Write out each line exactly, starting with the one containing "commutator maps into" and stopping after the last line of the listing below.

———

(* Let $R$ be a commutative ring which is free as an abelian group, with $\mathbb{Z}$-basis $V=\{v_k\}_{k\in I}$ (the rank may be infinite), let $n\ge 2$ and let $p$ be a prime. For $r\ge 1$ let $\Gamma_r=\Gamma(SL_n(R),p^r)=\ker\big(SL_n(R)\to SL_n(R\otimes_{\mathbb{Z}}\mathbb{Z}/p^r)\big)$. Let $\mathfrak{g}=\mathfrak{sl}_n(\mathbb{F}_p[V])$ and let $\mathfrak{L}$ be the kernel of the evaluation map $\mathfrak{g}\otimes_{\mathbb{F}_p}\mathbb{F}_p[t]\xrightarrow{t=0}\mathfrak{g}$, i.e. $\mathfrak{L}=\mathfrak{g}\otimes_{\mathbb{F}_p} t\mathbb{F}_p[t]$. Then $\mathfrak{L}\cong \mathrm{gr}_*(\Gamma(SL_n(R),p))$ as Lie algebras over $\mathbb{F}_p$.
   Context: $\mathbb{F}_p[V]$ denotes $R\otimes_{\mathbb{Z}}\mathbb{Z}/p=R/pR$, a commutative $\mathbb{F}_p$-algebra whose underlying vector space is free on (the image of) $V$. $\mathfrak{sl}_n(\mathbb{F}_p[V])$ is the Lie algebra of traceless $n\times n$ matrices over $R/pR$ with bracket $[A,B]=AB-BA$. $\mathfrak{g}\otimes_{\mathbb{F}_p}\mathbb{F}_p[t]$ has bracket $[A\otimes t^i,B\otimes t^j]=(AB-BA)\otimes t^{i+j}$. The filtration $\cdots\subseteq\Gamma_{r+1}\subseteq\Gamma_r\subseteq\cdots\subseteq\Gamma_1$ satisfies $[\Gamma_r,\Gamma_s]\subseteq\Gamma_{r+s}$ (group commutator $[g,h]=g^{-1}h^{-1}gh$), and each $\Gamma_r/\Gamma_{r+1}$ is an elementary abelian $p$-group, regarded as an $\mathbb{F}_p$-vector space. $\mathrm{gr}_*(\Gamma(SL_n(R),p))=\bigoplus_{r\ge1}\Gamma_r/\Gamma_{r+1}$, with Lie bracket obtained by extending bilinearly the maps $\Gamma_r/\Gamma_{r+1}\times\Gamma_s/\Gamma_{s+1}\to\Gamma_{r+s}/\Gamma_{r+s+1}$ induced by the group commutator. *)

theory Defs
  imports "HOL-Analysis.Analysis" "HOL-Algebra.Algebra"
begin

definition int_scale :: "int \<Rightarrow> 'a::comm_ring_1 \<Rightarrow> 'a" where
  "int_scale k x = of_int k * x"

definition free_Z_basis :: "'a::comm_ring_1 set \<Rightarrow> bool" where
  "free_Z_basis V \<longleftrightarrow> \<not> module.dependent int_scale V \<and> module.span int_scale V = UNIV"

definition ring_of :: "'a::comm_ring_1 ring" where
  "ring_of = \<lparr>carrier = UNIV, monoid.mult = (*), one = 1, ring.zero = 0, ring.add = (+)\<rparr>"

definition mult_ideal :: "nat \<Rightarrow> 'a::comm_ring_1 set" where
  "mult_ideal m = {of_nat m * x | x. True}"

text \<open>F_p[V] = R/pR as a HOL-Algebra quotient ring.\<close>
definition Rmodp :: "nat \<Rightarrow> 'a::comm_ring_1 set ring" where
  "Rmodp p = ring_of Quot mult_ideal p"

definition sl_add :: "('b, 'c) ring_scheme \<Rightarrow> ('n::finite \<Rightarrow> 'n \<Rightarrow> 'b) monoid" where
  "sl_add S = \<lparr>carrier = {M. (\<forall>i j. M i j \<in> carrier S) \<and> finsum S (\<lambda>i. M i i) UNIV = \<zero>\<^bsub>S\<^esub>},
               monoid.mult = (\<lambda>A B. \<lambda>i j. A i j \<oplus>\<^bsub>S\<^esub> B i j),
               one = (\<lambda>i j. \<zero>\<^bsub>S\<^esub>)\<rparr>"

definition sl_bracket :: "('b, 'c) ring_scheme \<Rightarrow> ('n::finite \<Rightarrow> 'n \<Rightarrow> 'b) \<Rightarrow> ('n \<Rightarrow> 'n \<Rightarrow> 'b) \<Rightarrow> ('n \<Rightarrow> 'n \<Rightarrow> 'b)" where
  "sl_bracket S A B = (\<lambda>i j. finsum S (\<lambda>l. A i l \<otimes>\<^bsub>S\<^esub> B l j) UNIV
                            \<ominus>\<^bsub>S\<^esub> finsum S (\<lambda>l. B i l \<otimes>\<^bsub>S\<^esub> A l j) UNIV)"

definition pos_degrees :: "nat set" where
  "pos_degrees = {r. 1 \<le> r}"

text \<open>L = g \<otimes> t F_p[t] = direct sum over i \<ge> 1 of copies g t^i, additive group.\<close>
definition loop_add :: "nat \<Rightarrow> (nat \<Rightarrow> 'n::finite \<Rightarrow> 'n \<Rightarrow> 'a::comm_ring_1 set) monoid" where
  "loop_add p = sum_group pos_degrees (\<lambda>_. sl_add (Rmodp p :: 'a set ring))"

text \<open>Bracket on L: [A t^i, B t^j] = [A,B] t^(i+j), extended bilinearly.\<close>
definition loop_bracket :: "nat \<Rightarrow> (nat \<Rightarrow> 'n::finite \<Rightarrow> 'n \<Rightarrow> 'a::comm_ring_1 set)
      \<Rightarrow> (nat \<Rightarrow> 'n \<Rightarrow> 'n \<Rightarrow> 'a set) \<Rightarrow> (nat \<Rightarrow> 'n \<Rightarrow> 'n \<Rightarrow> 'a set)" where
  "loop_bracket p xa ya = (\<lambda>k\<in>pos_degrees.
      finprod (sl_add (Rmodp p :: 'a set ring))
        (\<lambda>(i, j). sl_bracket (Rmodp p :: 'a set ring) (xa i) (ya j))
        {(i, j). 1 \<le> i \<and> 1 \<le> j \<and> i + j = k})"

definition SL :: "('a::comm_ring_1 ^ 'n::finite ^ 'n) monoid" where
  "SL = \<lparr>carrier = {A. det A = 1}, monoid.mult = (**), one = mat 1\<rparr>"

definition Gam :: "nat \<Rightarrow> nat \<Rightarrow> ('a::comm_ring_1 ^ 'n::finite ^ 'n) set" where
  "Gam p r = {A \<in> carrier SL. \<forall>i j. A $ i $ j - mat 1 $ i $ j \<in> mult_ideal (p ^ r)}"

definition gr_piece :: "nat \<Rightarrow> nat \<Rightarrow> ('a::comm_ring_1 ^ 'n::finite ^ 'n) set monoid" where
  "gr_piece p r = (SL\<lparr>carrier := Gam p r\<rparr>) Mod (Gam p (r + 1))"

definition grp_comm :: "('a::comm_ring_1 ^ 'n::finite ^ 'n) \<Rightarrow> ('a ^ 'n ^ 'n) \<Rightarrow> ('a ^ 'n ^ 'n)" where
  "grp_comm g h = inv\<^bsub>SL\<^esub> g \<otimes>\<^bsub>SL\<^esub> inv\<^bsub>SL\<^esub> h \<otimes>\<^bsub>SL\<^esub> g \<otimes>\<^bsub>SL\<^esub> h"

definition coset_comm :: "nat \<Rightarrow> nat \<Rightarrow> nat \<Rightarrow> ('a::comm_ring_1 ^ 'n::finite ^ 'n) set
      \<Rightarrow> ('a ^ 'n ^ 'n) set \<Rightarrow> ('a ^ 'n ^ 'n) set" where
  "coset_comm p r s a b = Gam p (r + s + 1) #>\<^bsub>SL\<^esub> grp_comm (SOME g. g \<in> a) (SOME h. h \<in> b)"

definition gr_add :: "nat \<Rightarrow> (nat \<Rightarrow> ('a::comm_ring_1 ^ 'n::finite ^ 'n) set) monoid" where
  "gr_add p = sum_group pos_degrees (gr_piece p)"

definition gr_bracket :: "nat \<Rightarrow> (nat \<Rightarrow> ('a::comm_ring_1 ^ 'n::finite ^ 'n) set)
      \<Rightarrow> (nat \<Rightarrow> ('a ^ 'n ^ 'n) set) \<Rightarrow> (nat \<Rightarrow> ('a ^ 'n ^ 'n) set)" where
  "gr_bracket p x y = (\<lambda>k\<in>pos_degrees.
      finprod (gr_piece p k) (\<lambda>(r, s). coset_comm p r s (x r) (y s))
        {(r, s). 1 \<le> r \<and> 1 \<le> s \<and> r + s = k})"

text \<open>Isomorphism of Lie algebras over F_p: an isomorphism of the underlying additive groups
  (F_p-linearity is automatic for additive maps between F_p-vector spaces) preserving brackets.\<close>
definition lie_iso :: "('x, 'c) monoid_scheme \<Rightarrow> ('x \<Rightarrow> 'x \<Rightarrow> 'x)
      \<Rightarrow> ('y, 'd) monoid_scheme \<Rightarrow> ('y \<Rightarrow> 'y \<Rightarrow> 'y) \<Rightarrow> ('x \<Rightarrow> 'y) \<Rightarrow> bool" where
  "lie_iso L brL M brM f \<longleftrightarrow> f \<in> iso L M \<and>
     (\<forall>x\<in>carrier L. \<forall>y\<in>carrier L. f (brL x y) = brM (f x) (f y))"

end

theory Submission
  imports Defs
begin

text \<open>For \<open>r \<ge> 1\<close> every \<open>A \<in> \<Gamma>\<^sub>r\<close> is \<open>1 + p\<^sup>r Y\<close> with \<open>Y\<close> unique, since \<open>R\<close> has no
  \<open>p\<close>-torsion, and \<open>A \<mapsto> Y mod p\<close> is a homomorphism \<open>\<Gamma>\<^sub>r \<rightarrow> sl\<^sub>n(R/pR)\<close>:
  \<open>(1 + p\<^sup>r Y)(1 + p\<^sup>r Z) = 1 + p\<^sup>r (Y + Z + p\<^sup>r YZ)\<close>, and
  \<open>det (1 + p\<^sup>r Y) \<equiv> 1 + p\<^sup>r trace Y (mod p\<^sup>2\<^sup>r)\<close> forces \<open>trace Y \<equiv> 0\<close>. Its kernel is
  \<open>\<Gamma>\<^sub>r\<^sub>+\<^sub>1\<close>, and it is onto because the elementary matrices \<open>1 + p\<^sup>r a e\<^sub>k\<^sub>l\<close> and the
  unipotent \<open>1 + p\<^sup>r a (e\<^sub>k - e\<^sub>l)(e\<^sub>k + e\<^sub>l)\<^sup>T\<close> lie in \<open>\<Gamma>\<^sub>r\<close> and their images generate
  \<open>sl\<^sub>n(R/pR)\<close>. The commutator of \<open>A = 1 + p\<^sup>r Y\<close> and \<open>B = 1 + p\<^sup>s Z\<close> is
  \<open>1 + p\<^sup>r\<^sup>+\<^sup>s (BA)\<^sup>-\<^sup>1 [Y, Z]\<close> with \<open>(BA)\<^sup>-\<^sup>1 \<equiv> 1 (mod p)\<close>, so the isomorphisms
  \<open>\<Gamma>\<^sub>r/\<Gamma>\<^sub>r\<^sub>+\<^sub>1 \<cong> sl\<^sub>n(R/pR)\<close> turn the commutator maps into
  \<open>[A t\<^sup>r, B t\<^sup>s] = [A, B] t\<^sup>r\<^sup>+\<^sup>s\<close>, and summing over \<open>r\<close> gives the Lie algebra isomorphism.\<close>

section \<open>Finite products and direct sums of groups\<close>

lemma (in comm_group) subgroup_finprod_closed:
  assumes "subgroup H G" "finite S" "\<And>s. s \<in> S \<Longrightarrow> f s \<in> H"
  shows "finprod G f S \<in> H"
  using assms(2,3)
proof (induction S rule: finite_induct)
  case empty
  show ?case using subgroup.one_closed[OF assms(1)] by simp
next
  case (insert x S)
  have "f \<in> S \<rightarrow> carrier G" "f x \<in> carrier G"
    using insert.prems subgroup.subset[OF assms(1)] by auto
  then show ?case
    using insert subgroup.m_closed[OF assms(1)] by simp
qed

lemma comm_group_hom_finprod:
  assumes "h \<in> hom G H" "comm_group G" "comm_group H" "finite S" "f \<in> S \<rightarrow> carrier G"
    and "\<And>s. s \<in> S \<Longrightarrow> g s = h (f s)"
  shows "h (finprod G f S) = finprod H g S"
proof -
  interpret G: comm_group G by fact
  interpret H: comm_group H by fact
  interpret group_hom G H h by unfold_locales (fact assms(1))
  have "h (finprod G f S) = finprod H (h \<circ> f) S"
    using assms(4,5)
  proof (induction S rule: finite_induct)
    case (insert x S)
    then have "f \<in> S \<rightarrow> carrier G" "f x \<in> carrier G" by auto
    with insert show ?case by (simp add: Pi_def)
  qed simp
  also have "\<dots> = finprod H g S"
    using assms(5,6) by (intro H.finprod_cong') (auto simp: Pi_def)
  finally show ?thesis .
qed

———

■ RESULT BELOW
  \<open>\<Gamma>\<^sub>r/\<Gamma>\<^sub>r\<^sub>+\<^sub>1 \<cong> sl\<^sub>n(R/pR)\<close> turn the commutator maps into
  \<open>[A t\<^sup>r, B t\<^sup>s] = [A, B] t\<^sup>r\<^sup>+\<^sup>s\<close>, and summing over \<open>r\<close> gives the Lie algebra isomorphism.\<close>

section \<open>Finite products and direct sums of groups\<close>

lemma (in comm_group) subgroup_finprod_closed:
  assumes "subgroup H G" "finite S" "\<And>s. s \<in> S \<Longrightarrow> f s \<in> H"
  shows "finprod G f S \<in> H"
  using assms(2,3)
proof (induction S rule: finite_induct)
  case empty
  show ?case using subgroup.one_closed[OF assms(1)] by simp
next
  case (insert x S)
  have "f \<in> S \<rightarrow> carrier G" "f x \<in> carrier G"
    using insert.prems subgroup.subset[OF assms(1)] by auto
  then show ?case
    using insert subgroup.m_closed[OF assms(1)] by simp
qed

lemma comm_group_hom_finprod:
  assumes "h \<in> hom G H" "comm_group G" "comm_group H" "finite S" "f \<in> S \<rightarrow> carrier G"
    and "\<And>s. s \<in> S \<Longrightarrow> g s = h (f s)"
  shows "h (finprod G f S) = finprod H g S"
proof -
  interpret G: comm_group G by fact
  interpret H: comm_group H by fact
  interpret group_hom G H h by unfold_locales (fact assms(1))
  have "h (finprod G f S) = finprod H (h \<circ> f) S"
    using assms(4,5)
  proof (induction S rule: finite_induct)
    case (insert x S)
    then have "f \<in> S \<rightarrow> carrier G" "f x \<in> carrier G" by auto
    with insert show ?case by (simp add: Pi_def)
  qed simp
  also have "\<dots> = finprod H g S"
    using assms(5,6) by (intro H.finprod_cong') (auto simp: Pi_def)
  finally show ?thesis .
qed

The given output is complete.